Due to his extraordinary intellect, al-Maḥallī famously said: “My understanding does not admit error.” He distinguished himself through exceptional intelligence and analytical ability, eventually reaching a level where he authored works in these sciences and became one of the leading scholars of his age. Al-Maḥallī earned his livelihood through the cloth trade, the profession of his father, but left his shop to an agent so that he could devote himself to teaching and writing.

From 844 AH (1440 CE) onward, he taught fiqh at the Barqūqiyyah Madrasa, and probably after 852 AH (1448 CE) he succeeded Ibn Ḥajar al-ʿAsqalānī in teaching at the Muʾayyadiyyah Madrasa. A scholar who kept away from the political authorities, he refused the offer of the chief judgeship made during the reign of al-Malik al-Ẓāhir Jaqmaq.

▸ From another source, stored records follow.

lemma norm_diff_le_of_derivative_bound:
  fixes F :: "'a::real_normed_vector \<Rightarrow> 'b::real_normed_vector"
  assumes "\<And>w. (F has_derivative blinfun_apply (J w)) (at w)" and "\<And>w. norm (J w) \<le> L"
  shows "norm (F a - F b) \<le> L * norm (a - b)"
  using assms
  by (intro differentiable_bound[where S = UNIV and f' = "\<lambda>w. blinfun_apply (J w)"])
     (auto simp: has_derivative_at_withinI norm_blinfun.rep_eq[symmetric])

text \<open>The sublevel set contains a zero \<open>zs\<close> of \<open>F\<close>, so \<open>D \<ge> norm (z - zs)\<close>; then
  \<open>norm (F w) \<le> norm (F z) = norm (F z - F zs) \<le> L * D\<close>.\<close>
lemma merit_sublevel_norm_le:
  fixes F :: "'a::euclidean_space \<Rightarrow> 'a"
  assumes "\<mu> > 0" and mono: "strongly_monotone \<mu> F"
    and deriv: "\<And>w. (F has_derivative blinfun_apply (J w)) (at w)" and bound: "\<And>w. norm (J w) \<le> L"
    and D: "D = Sup ((\<lambda>w. norm (w - z)) ` {w. merit F w \<le> merit F z})"
  shows "0 \<le> D" and "\<And>w. merit F w \<le> merit F z \<Longrightarrow> norm (F w) \<le> L * D"
proof -
  obtain zs where zs: "F zs = 0"
    using strongly_monotone_has_zero[OF \<open>\<mu> > 0\<close> mono deriv] .
  have "bdd_above ((\<lambda>w. norm (w - z)) ` {w. merit F w \<le> merit F z})"
    unfolding bdd_above_def
    using strongly_monotone_merit_sublevel_dist_le[OF \<open>\<mu> > 0\<close> mono] by blast
  moreover have "merit F zs \<le> merit F z" using zs by (simp add: merit_def)
  ultimately have zs_D: "norm (zs - z) \<le> D"
    unfolding D by (intro cSUP_upper) simp_all
  then show "0 \<le> D" by (rule order_trans[OF norm_ge_zero])
  have "0 \<le> L" using bound[of z] norm_ge_zero order_trans by blast
  fix w assume "merit F w \<le> merit F z"
  then have "norm (F w) \<le> norm (F z - F zs)" by (simp add: merit_le_iff_norm_le zs)
  also have "\<dots> \<le> L * norm (z - zs)" by (rule norm_diff_le_of_derivative_bound[OF deriv bound])
  also have "\<dots> \<le> L * D" using zs_D \<open>0 \<le> L\<close> by (simp add: norm_minus_commute mult_left_mono)
  finally show "norm (F w) \<le> L * D" .
qed
lemma mollified_continuous:
  assumes "\<epsilon> > 0"
  shows "continuous_on UNIV (mollified \<epsilon>)"
proof -
  have "\<exists>d>0. \<forall>x y. dist y x < d \<longrightarrow> dist (mollified \<epsilon> y) (mollified \<epsilon> x) < e" if "e > 0" for e
  proof -
    obtain d where d: "d > 0" "\<And>x y. \<bar>x - y\<bar> < d \<Longrightarrow> norm (\<gamma> x - \<gamma> y) < e / 2"
      using curve_uniformly_continuous[of "e / 2"] \<open>e > 0\<close> by auto
    have "norm (mollify_window \<phi> \<epsilon> \<gamma> y - mollify_window \<phi> \<epsilon> \<gamma> x) \<le> e / 2"
      if "\<bar>y - x\<bar> < d" for x y
    proof (intro norm_mollify_window_diff_le assms curve_continuous)
      show "norm (\<gamma> (y - u) - \<gamma> (x - u)) \<le> e / 2" for u
        using d(2)[of "y - u" "x - u"] that by simp
    qed
    with d(1) \<open>e > 0\<close> show ?thesis
      by (intro exI[of _ d]) (force simp: dist_norm mollified_eq_window[OF assms])
  qed
  then have "uniformly_continuous_on UNIV (mollified \<epsilon>)"
    unfolding uniformly_continuous_on_def by blast
  then show ?thesis
    by (rule uniformly_continuous_imp_continuous)
qed
(* Assume the all-zero codeword is transmitted and $y\in\Sigma^n$ is received. (1) If the LP decoder makes a codeword error, then there exists an LP pseudocodeword $(h,z)$ with $h\ne0$ and $\Lambda(y)h^T\le0$. (2) If there exists an LP pseudocodeword $(h,z)$ with $h\ne0$ and $\Lambda(y)h^T<0$, then the LP decoder makes a codeword error.
   Context: Let $R$ be a finite ring with $q$ elements, $R^-=R\setminus\{0\}$, $\mathcal H$ an $m\times n$ matrix over $R$, $\mathcal C=\{c\in R^n:c\mathcal H^T=0\}$, $\mathcal I=\{1,\dots,n\}$, $\mathcal J=\{1,\dots,m\}$, $\mathcal I_j=\{i:\mathcal H_{j,i}\ne0\}$, $\mathcal C_j=\{b\in R^{\mathcal I_j}:\sum_{i\in\mathcal I_j}b_i\mathcal H_{j,i}=0\}$. Vectors in $\mathbb R^{(q-1)n}$ have coordinates $f_i^{(\alpha)}$, $i\in\mathcal I$, $\alpha\in R^-$. $\mathcal Q$ is the set of $(f,w)$, $f\in\mathbb R^{(q-1)n}$, $w=(w_{j,b})_{j\in\mathcal J,b\in\mathcal C_j}$, with $w_{j,b}\ge0$, $\sum_{b\in\mathcal C_j}w_{j,b}=1$ for each $j$, and $f_i^{(\alpha)}=\sum_{b\in\mathcal C_j,b_i=\alpha}w_{j,b}$ for all $j$, $i\in\mathcal I_j$, $\alpha\in R^-$. The channel is memoryless with input alphabet $R$, output alphabet $\Sigma$, transition probability (density) $p(y\mid a)$; $\lambda^{(\alpha)}(y)=\log(p(y\mid0)/p(y\mid\alpha))$ and $\Lambda(y)$ has coordinates $\lambda^{(\alpha)}(y_i)$. The LP decoder selects a minimizer $(f,w)$ of $\Lambda(y)f^T$ over $\mathcal Q$; with the all-zero codeword transmitted, it makes a codeword error when the selected $f$ is not the zero vector. An LP pseudocodeword is a pair $(h,z)$ with $h\in\mathbb R^{(q-1)n}$ and $z=(z_{j,b})_{j\in\mathcal J,b\in\mathcal C_j}$ nonnegative integers such that $h_i^{(\alpha)}=\sum_{b\in\mathcal C_j,b_i=\alpha}z_{j,b}$ for all $j\in\mathcal J$, $i\in\mathcal I_j$, $\alpha\in R^-$, and $\sum_{b\in\mathcal C_j}z_{j,b}=M$ for all $j$, with $M$ a nonnegative integer independent of $j$. *)

theory Defs
  imports Complex_Main
begin
lemma window_period_bounds:
  assumes "1 \<le> n"
  shows "32 * sqrt (real n) * real n \<le> real (window_period n)"
    "real (window_period n) \<le> 33 * sqrt (real n) * real n"
    "2 * n + 4 \<le> window_period n"
proof -
  have sq: "1 \<le> sqrt (real n)" using assms by simp
  have lo: "32 * sqrt (real n) \<le> real (nat \<lceil>32 * sqrt (real n)\<rceil>)" by (rule of_nat_ceiling)
  have "0 \<le> real_of_int \<lceil>32 * sqrt (real n)\<rceil>"
    using le_of_int_ceiling[of "32 * sqrt (real n)"] sq by linarith
  then have "real (nat \<lceil>32 * sqrt (real n)\<rceil>) = real_of_int \<lceil>32 * sqrt (real n)\<rceil>"
    by (intro of_nat_nat) simp
  also have "\<dots> \<le> 32 * sqrt (real n) + 1" by (rule of_int_ceiling_le_add_one)
  also have "\<dots> \<le> 33 * sqrt (real n)" using sq by simp
  finally have hi: "real (nat \<lceil>32 * sqrt (real n)\<rceil>) \<le> 33 * sqrt (real n)" .
  show "32 * sqrt (real n) * real n \<le> real (window_period n)"
    using lo by (simp add: window_period_def mult_right_mono)
  show "real (window_period n) \<le> 33 * sqrt (real n) * real n"
    using hi by (simp add: window_period_def mult_right_mono)
  have "32 \<le> nat \<lceil>32 * sqrt (real n)\<rceil>" using lo sq by linarith
  then have "32 * n \<le> nat \<lceil>32 * sqrt (real n)\<rceil> * n" by (rule mult_le_mono1)
  then show "2 * n + 4 \<le> window_period n" unfolding window_period_def using assms by linarith
qed

lemma phi_ge_window:
  assumes n: "1 \<le> n" and j: "n + 1 \<le> j" "j \<le> 4 * n"
  shows "1 / (409 * real n) \<le> phi n (strip_angle (window_period n) j)"
proof -
  define P where "P = real (window_period n)"
  define t where "t = strip_angle (window_period n) j"
  have sq: "1 \<le> sqrt (real n)" using n by simp
  have P: "32 * sqrt (real n) * real n \<le> P" "P \<le> 33 * sqrt (real n) * real n"
    using window_period_bounds[OF n] by (simp_all add: P_def)
  moreover have "0 < 32 * sqrt (real n) * real n" using n by simp
  ultimately have P0: "0 < P" by linarith
  have t_eq: "t = 2 * pi * real j / P" by (simp add: t_def P_def strip_angle_def)
  have "t \<le> 2 * pi * (4 * real n) / P" unfolding t_eq using j P0 by (intro divide_right_mono) auto
  also have "\<dots> \<le> 2 * pi * (4 * real n) / (32 * sqrt (real n) * real n)"
    using P P0 n sq by (intro divide_left_mono mult_pos_pos) auto
  also have "\<dots> \<le> 1 / sqrt (real n)" using pi_less_4 n sq by (simp add: field_simps)
  finally have t_le: "t \<le> 1 / sqrt (real n)" .
  have "4 / (33 * sqrt (real n)) \<le> 2 * pi * real n / (33 * sqrt (real n) * real n)"
    using pi_ge_two n sq by (simp add: field_simps)
  also have "\<dots> \<le> 2 * pi * real n / P" using P P0 n by (intro divide_left_mono) auto
  also have "\<dots> \<le> t" unfolding t_eq using j P0 by (intro divide_right_mono) auto
  finally have "(4 / (33 * sqrt (real n)))\<^sup>2 \<le> t\<^sup>2" using sq by (intro power_mono) auto
  then have "1 / (409 * real n) \<le> t\<^sup>2 / 6" using n by (simp add: power_divide field_simps)
  also have "\<dots> \<le> phi n t" using P0 by (intro phi_ge_small_angle[OF n _ t_le]) (simp add: t_eq)
  finally show ?thesis by (simp add: t_def)
qed
(* Let $(M^n,g,f,E)$ be an electrostatic system. Then, on the set where $f>0$, $$\mathrm{div}\Big[\frac1f\Big(\nabla|\nabla f|^2-4f\langle\nabla f,E\rangle E^\flat+\frac{2Rf}{n(n-1)}\nabla f\Big)\Big]=2f|\mathring{Ric}|^2+4f\,\mathring{Ric}(E,E)+\frac{n-2}{n}\langle\nabla R,\nabla f\rangle,$$ where $R$ is the scalar curvature and $\mathring{Ric}=Ric-\frac Rng$.
   Context: An electrostatic system $(M^n,g,f,E)$, $n\ge3$, consists of a Riemannian manifold $(M^n,g)$, a smooth function $f$, a smooth vector field $E$ with metric-dual 1-form $E^\flat$ (identified with $E$ via $g$ when taking divergence), and a constant $\Lambda\in\mathbb R$ such that $$\nabla^2 f=f\Big(Ric-\tfrac{2}{n-1}\Lambda g+2E^\flat\otimes E^\flat-\tfrac{2}{n-1}|E|^2g\Big),\quad \Delta f=\tfrac{2}{n-1}\big((n-2)|E|^2-\Lambda\big)f,\quad \mathrm{div}\,E=0,\quad d(fE^\flat)=0.$$ $f$ is positive in the interior of $M$ and, if $M$ has boundary, $f^{-1}(0)=\partial M$. *)

theory Defs
  imports "HOL-Analysis.Analysis"
begin

text \<open>Local-coordinate Riemannian geometry on an open set U of real^'n
  (a coordinate chart), with metric components g x $ i $ j.
  Vector fields are given by components X x $ i, one-forms by w x $ i.\<close>

definition pd :: "'n::finite \<Rightarrow> (real^'n \<Rightarrow> real) \<Rightarrow> real^'n \<Rightarrow> real" where
  "pd i h x = frechet_derivative h (at x) (axis i 1)"
lemma past_block:
  "past t \<subseteq> noise_index" "block t \<subseteq> noise_index" "past t \<inter> block t = {}"
  "past t \<subseteq> past (Suc t)" "block t \<subseteq> past (Suc t)"
  unfolding past_def block_def noise_index_def by (blast, blast, blast, fastforce, fastforce)

lemma measurable_vars_sigma_M:
  "A \<subseteq> noise_index \<Longrightarrow> f \<in> borel_measurable (vars_sigma noise A) \<Longrightarrow> f \<in> borel_measurable M"
  by (rule measurable_vars_sigma_subalgebra[where X=noise]) (auto intro: noise_measurable)

lemma noise_simps: "noise (Inl k) = (\<lambda>\<omega>. p0 \<omega> k)" "noise (Inr (t, i, k)) = (\<lambda>\<omega>. xi \<omega> t i k)"
  by (simp_all add: fun_eq_iff noise_def)

lemma xi_measurable_vars_sigma:
  "Inr (t, i, k) \<in> A \<Longrightarrow> (\<lambda>\<omega>. xi \<omega> t i k) \<in> borel_measurable (vars_sigma noise A)"
  using measurable_vars_sigma[of "Inr (t, i, k)" A noise] by (simp add: noise_simps)

lemma selected_measurable:
  assumes "\<And>i. i < lam \<Longrightarrow> Inr (t, i, 0) \<in> A"
  shows "selected t \<in> measurable (vars_sigma noise A) (count_space UNIV)"
  unfolding selected_def argmin_idx_def
proof (rule measurable_Least)
  fix i
  show "Measurable.pred (vars_sigma noise A) (\<lambda>\<omega>. i < lam \<and> (\<forall>j<lam. xi \<omega> t i 0 \<le> xi \<omega> t j 0))"
  proof (cases "i < lam")
    case True
    have xi_i: "(\<lambda>\<omega>. xi \<omega> t i 0) \<in> borel_measurable (vars_sigma noise A)"
      using assms True by (intro xi_measurable_vars_sigma)
    have eq: "(\<lambda>\<omega>. i < lam \<and> (\<forall>j<lam. xi \<omega> t i 0 \<le> xi \<omega> t j 0)) =
        (\<lambda>\<omega>. \<forall>j\<in>{..<lam}. xi \<omega> t i 0 \<le> xi \<omega> t j 0)"
      using True by auto
    show ?thesis
      unfolding eq
    proof (rule pred_intros_finite(3))
      fix j assume "j \<in> {..<lam}"
      then have xi_j: "(\<lambda>\<omega>. xi \<omega> t j 0) \<in> borel_measurable (vars_sigma noise A)"
        using assms by (intro xi_measurable_vars_sigma) auto
      show "Measurable.pred (vars_sigma noise A) (\<lambda>\<omega>. xi \<omega> t i 0 \<le> xi \<omega> t j 0)"
        unfolding pred_def using xi_i xi_j by (rule borel_measurable_le)
    qed simp
  qed simp
qed

lemma selected_less: "selected t \<omega> < lam"
  using argmin_idx_is_min[OF lam] by (simp add: selected_def)

lemma selected_step_eq_sum:
  "selected_step t k \<omega> ^ u = (\<Sum>i<lam. if i = selected t \<omega> then xi \<omega> t i k ^ u else 0)"
  using selected_less[of t \<omega>] by (simp add: selected_step_def)

lemma selected_step_measurable:
  assumes "\<And>i. i < lam \<Longrightarrow> Inr (t, i, 0) \<in> A" "\<And>i. i < lam \<Longrightarrow> Inr (t, i, k) \<in> A"
  shows "selected_step t k \<in> borel_measurable (vars_sigma noise A)"
proof -
  have sel: "selected t \<in> measurable (vars_sigma noise A) (count_space UNIV)"
    using selected_measurable[OF assms(1)] .
  have "(\<lambda>\<omega>. if i = selected t \<omega> then xi \<omega> t i k else 0) \<in> borel_measurable (vars_sigma noise A)"
    if "i < lam" for i
  proof (rule measurable_If)
    show "(\<lambda>\<omega>. xi \<omega> t i k) \<in> borel_measurable (vars_sigma noise A)"
      using assms(2) that by (intro xi_measurable_vars_sigma)
    show "{\<omega> \<in> space (vars_sigma noise A). i = selected t \<omega>} \<in> sets (vars_sigma noise A)"
      using pred_eq_const2[OF sel, of i] by (simp add: pred_def)
  qed simp
  then have "(\<lambda>\<omega>. \<Sum>i<lam. if i = selected t \<omega> then xi \<omega> t i k else 0)
      \<in> borel_measurable (vars_sigma noise A)"
    by (intro borel_measurable_sum) simp
  moreover have "selected_step t k = (\<lambda>\<omega>. \<Sum>i<lam. if i = selected t \<omega> then xi \<omega> t i k else 0)"
    using selected_step_eq_sum[where u=1] by (simp add: fun_eq_iff)
  ultimately show ?thesis
    by simp
qed

lemma selected_step_measurable_block:
  "k < n \<Longrightarrow> selected_step t k \<in> borel_measurable (vars_sigma noise (block t))"
  using n by (intro selected_step_measurable) (auto simp: block_def)

lemma path_measurable_past:
  "k < n \<Longrightarrow> (\<lambda>\<omega>. path t \<omega> k) \<in> borel_measurable (vars_sigma noise (past t))"
proof (induction t)
  case 0
  then show ?case
    using measurable_vars_sigma[of "Inl k" "past 0" noise] by (simp add: past_def noise_simps path_0)
next
  case (Suc t)
  have "(\<lambda>\<omega>. path t \<omega> k) \<in> borel_measurable (vars_sigma noise (past (Suc t)))"
    using vars_sigma_mono[OF past_block(4) Suc.IH[OF Suc.prems]] .
  moreover have "selected_step t k \<in> borel_measurable (vars_sigma noise (past (Suc t)))"
    using vars_sigma_mono[OF past_block(5) selected_step_measurable_block[OF Suc.prems]] .
  ultimately show ?case
    unfolding path_Suc by (intro borel_measurable_add borel_measurable_times borel_measurable_const)
qed

lemma path_measurable: "k < n \<Longrightarrow> (\<lambda>\<omega>. path t \<omega> k) \<in> borel_measurable M"
  using measurable_vars_sigma_M[OF past_block(1) path_measurable_past] .

lemma selected_step_measurable_M: "k < n \<Longrightarrow> selected_step t k \<in> borel_measurable M"
  using measurable_vars_sigma_M[OF past_block(2) selected_step_measurable_block] .

lemma xi_power: "i < lam \<Longrightarrow> k < n \<Longrightarrow> integrable M (\<lambda>\<omega>. xi \<omega> t i k ^ u)"
  "i < lam \<Longrightarrow> k < n \<Longrightarrow> (\<integral>\<omega>. xi \<omega> t i k ^ u \<partial>M) = std_normal_moment u"
  using std_normal_power[OF xi_normal] by auto

lemma p0_power: "k < n \<Longrightarrow> integrable M (\<lambda>\<omega>. p0 \<omega> k ^ u)"
  "k < n \<Longrightarrow> (\<integral>\<omega>. p0 \<omega> k ^ u \<partial>M) = std_normal_moment u"
  using std_normal_power[OF p0_normal] by auto

lemma selected_step_power_integrable:
  assumes "k < n"
  shows "integrable M (\<lambda>\<omega>. selected_step t k \<omega> ^ u)"
proof (rule Bochner_Integration.integrable_bound)
  show "integrable M (\<lambda>\<omega>. \<Sum>i<lam. \<bar>xi \<omega> t i k ^ u\<bar>)"
    using xi_power(1) assms by auto
  show "(\<lambda>\<omega>. selected_step t k \<omega> ^ u) \<in> borel_measurable M"
    using selected_step_measurable_M[OF assms] by (rule borel_measurable_power)
  have "\<bar>selected_step t k \<omega> ^ u\<bar> \<le> (\<Sum>i<lam. \<bar>xi \<omega> t i k ^ u\<bar>)" for \<omega>
    unfolding selected_step_def using selected_less
    by (intro member_le_sum[where f="\<lambda>i. \<bar>xi \<omega> t i k ^ u\<bar>"]) auto
  then show "AE \<omega> in M. norm (selected_step t k \<omega> ^ u) \<le> norm (\<Sum>i<lam. \<bar>xi \<omega> t i k ^ u\<bar>)"
    by (intro AE_I2) simp
qed

lemma path_power4_integrable: "k < n \<Longrightarrow> integrable M (\<lambda>\<omega>. path t \<omega> k ^ 4)"
proof (induction t)
  case 0
  then show ?case using p0_power(1) by (simp add: path_0)
next
  case (Suc t)
  show ?case
  proof (rule Bochner_Integration.integrable_bound)
    show "integrable M (\<lambda>\<omega>. 8 * (decay ^ 4 * path t \<omega> k ^ 4) + 8 * (gain ^ 4 * selected_step t k \<omega> ^ 4))"
      using Suc selected_step_power_integrable by auto
    show "(\<lambda>\<omega>. path (Suc t) \<omega> k ^ 4) \<in> borel_measurable M"
      using path_measurable[OF Suc.prems] by (rule borel_measurable_power)
    show "AE \<omega> in M. norm (path (Suc t) \<omega> k ^ 4)
        \<le> norm (8 * (decay ^ 4 * path t \<omega> k ^ 4) + 8 * (gain ^ 4 * selected_step t k \<omega> ^ 4))"
      using power4_add_le[of "decay * path t _ k" "gain * selected_step t k _"]
      by (intro AE_I2) (simp add: path_Suc power_mult_distrib zero_le_even_power)
  qed
qed

lemma path_power_integrable:
  "j < n \<Longrightarrow> k < n \<Longrightarrow> e1 + e2 \<le> 4 \<Longrightarrow> integrable M (\<lambda>\<omega>. path t \<omega> j ^ e1 * path t \<omega> k ^ e2)"
  by (intro integrable_power_mult path_measurable path_power4_integrable)

text \<open>Whether child \<open>i\<close> is selected depends only on the first coordinates of the samples,
  so it is independent of the coordinates \<open>k \<noteq> 0\<close> of child \<open>i\<close>.\<close>
lemma selected_coordinate_factor:
  fixes t u :: nat
  assumes i: "i < lam" and jk: "j < n" "k < n" "k \<noteq> 0" "j \<noteq> k"
  defines "Y \<equiv> \<lambda>\<omega>. if i = selected t \<omega> then xi \<omega> t i j ^ u else 0"
  shows "integrable M Y" and "integrable M (\<lambda>\<omega>. Y \<omega> * xi \<omega> t i k ^ v)"
    and "(\<integral>\<omega>. Y \<omega> * xi \<omega> t i k ^ v \<partial>M) = (\<integral>\<omega>. Y \<omega> \<partial>M) * std_normal_moment v"
proof -
  define A :: "(nat + nat \<times> nat \<times> nat) set"
    where "A = insert (Inr (t, i, j)) {Inr (t, i', 0) | i'. i' < lam}"
  have AB: "A \<subseteq> noise_index" "{Inr (t, i, k)} \<subseteq> noise_index" "A \<inter> {Inr (t, i, k)} = {}"
    using jk i n by (auto simp: A_def noise_index_def)
  have sel: "selected t \<in> measurable (vars_sigma noise A) (count_space UNIV)"
    by (rule selected_measurable) (auto simp: A_def)
  have xi_A: "(\<lambda>\<omega>. xi \<omega> t i j) \<in> borel_measurable (vars_sigma noise A)"
    by (rule xi_measurable_vars_sigma) (simp add: A_def)
  have Y: "Y \<in> borel_measurable (vars_sigma noise A)"
    unfolding Y_def
  proof (rule measurable_If)
    show "{\<omega> \<in> space (vars_sigma noise A). i = selected t \<omega>} \<in> sets (vars_sigma noise A)"
      using pred_eq_const2[OF sel, of i] by (simp add: pred_def)
  qed (use xi_A in \<open>auto intro: borel_measurable_power\<close>)
  have Z: "(\<lambda>\<omega>. xi \<omega> t i k ^ v) \<in> borel_measurable (vars_sigma noise {Inr (t, i, k)})"
    by (intro borel_measurable_power xi_measurable_vars_sigma) simp
  show int_Y: "integrable M Y"
  proof (rule Bochner_Integration.integrable_bound)
    show "integrable M (\<lambda>\<omega>. xi \<omega> t i j ^ u)" using xi_power(1) i jk by auto
    show "Y \<in> borel_measurable M" using measurable_vars_sigma_M[OF AB(1) Y] .
  qed (auto simp: Y_def)
  show "integrable M (\<lambda>\<omega>. Y \<omega> * xi \<omega> t i k ^ v)"
    and "(\<integral>\<omega>. Y \<omega> * xi \<omega> t i k ^ v \<partial>M) = (\<integral>\<omega>. Y \<omega> \<partial>M) * std_normal_moment v"
    using indep_vars_sigma_integral_mult[OF indep_noise AB Y Z int_Y] xi_power[OF i jk(2)] by auto
qed

lemma selected_step_moment_mixed:
  assumes jk: "j < n" "k < n" "k \<noteq> 0" "j \<noteq> k"
  shows "(\<integral>\<omega>. selected_step t j \<omega> ^ u * selected_step t k \<omega> ^ v \<partial>M) =
    (\<integral>\<omega>. selected_step t j \<omega> ^ u \<partial>M) * std_normal_moment v"
proof -
  let ?Y = "\<lambda>i \<omega>. if i = selected t \<omega> then xi \<omega> t i j ^ u else 0"
  note factor = selected_coordinate_factor[OF _ jk, where t=t and u=u]
  have "selected_step t j \<omega> ^ u * selected_step t k \<omega> ^ v = (\<Sum>i<lam. ?Y i \<omega> * xi \<omega> t i k ^ v)" for \<omega>
  proof -
    have "(\<Sum>i<lam. ?Y i \<omega> * xi \<omega> t i k ^ v) =
        (\<Sum>i<lam. if i = selected t \<omega> then xi \<omega> t i j ^ u * xi \<omega> t i k ^ v else 0)"
      by (intro sum.cong) auto
    also have "\<dots> = selected_step t j \<omega> ^ u * selected_step t k \<omega> ^ v"
      using selected_less[of t \<omega>] by (subst sum.delta) (auto simp: selected_step_def)
    finally show ?thesis ..
  qed
  then have "(\<integral>\<omega>. selected_step t j \<omega> ^ u * selected_step t k \<omega> ^ v \<partial>M) =
      (\<Sum>i<lam. (\<integral>\<omega>. ?Y i \<omega> \<partial>M)) * std_normal_moment v"
    using factor(2,3) by (simp add: Bochner_Integration.integral_sum sum_distrib_right)
  also have "(\<Sum>i<lam. (\<integral>\<omega>. ?Y i \<omega> \<partial>M)) = (\<integral>\<omega>. (\<Sum>i<lam. ?Y i \<omega>) \<partial>M)"
    using factor(1) by (intro Bochner_Integration.integral_sum[symmetric]) auto
  also have "\<dots> = (\<integral>\<omega>. selected_step t j \<omega> ^ u \<partial>M)"
    by (simp only: selected_step_eq_sum)
  finally show ?thesis .
qed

People would come to him from outside Cairo seeking authorization (ijāzah) to transmit his lessons and books, to ask for fatwas, and to visit him. Among his students were al-Jarrāʾī, Burhān al-Dīn Ibn Abī Sharīf, al-Qalaṣādī, Najm al-Dīn Ibn Qāḍī ʿAjlūn, Taqī al-Dīn Ibn Qāḍī ʿAjlūn, Zakariyyā al-Ansārī, Shams al-Dīn al-Sakhāwī, and Jalāl al-Dīn al-Suyūṭī.

Al-Maḥallī was a charitable scholar who emphasized commanding right and forbidding wrong, and who lived without ostentation. He died on 1 Muḥarram 864 AH (28 October 1459 CE) and was buried in his family cemetery outside Bāb al-Naṣr in Cairo.

==Reception==
Shams al-Dīn al-Sakhāwī said:“He was an imam, an erudite scholar, a meticulous verifier, deeply analytical, extraordinarily intelligent, and exceptionally sharp-minded to the extent that some respected authorities used to say: “His mind could pierce diamonds.” He himself used to say: “My understanding does not accept error.” He possessed a razor-sharp mind and immense strength in scholarly debate, such that the Imam of al-Kāmiliyyah told me that he saw al-Wanāʾī beside him in discussion like a child sitting before his teacher.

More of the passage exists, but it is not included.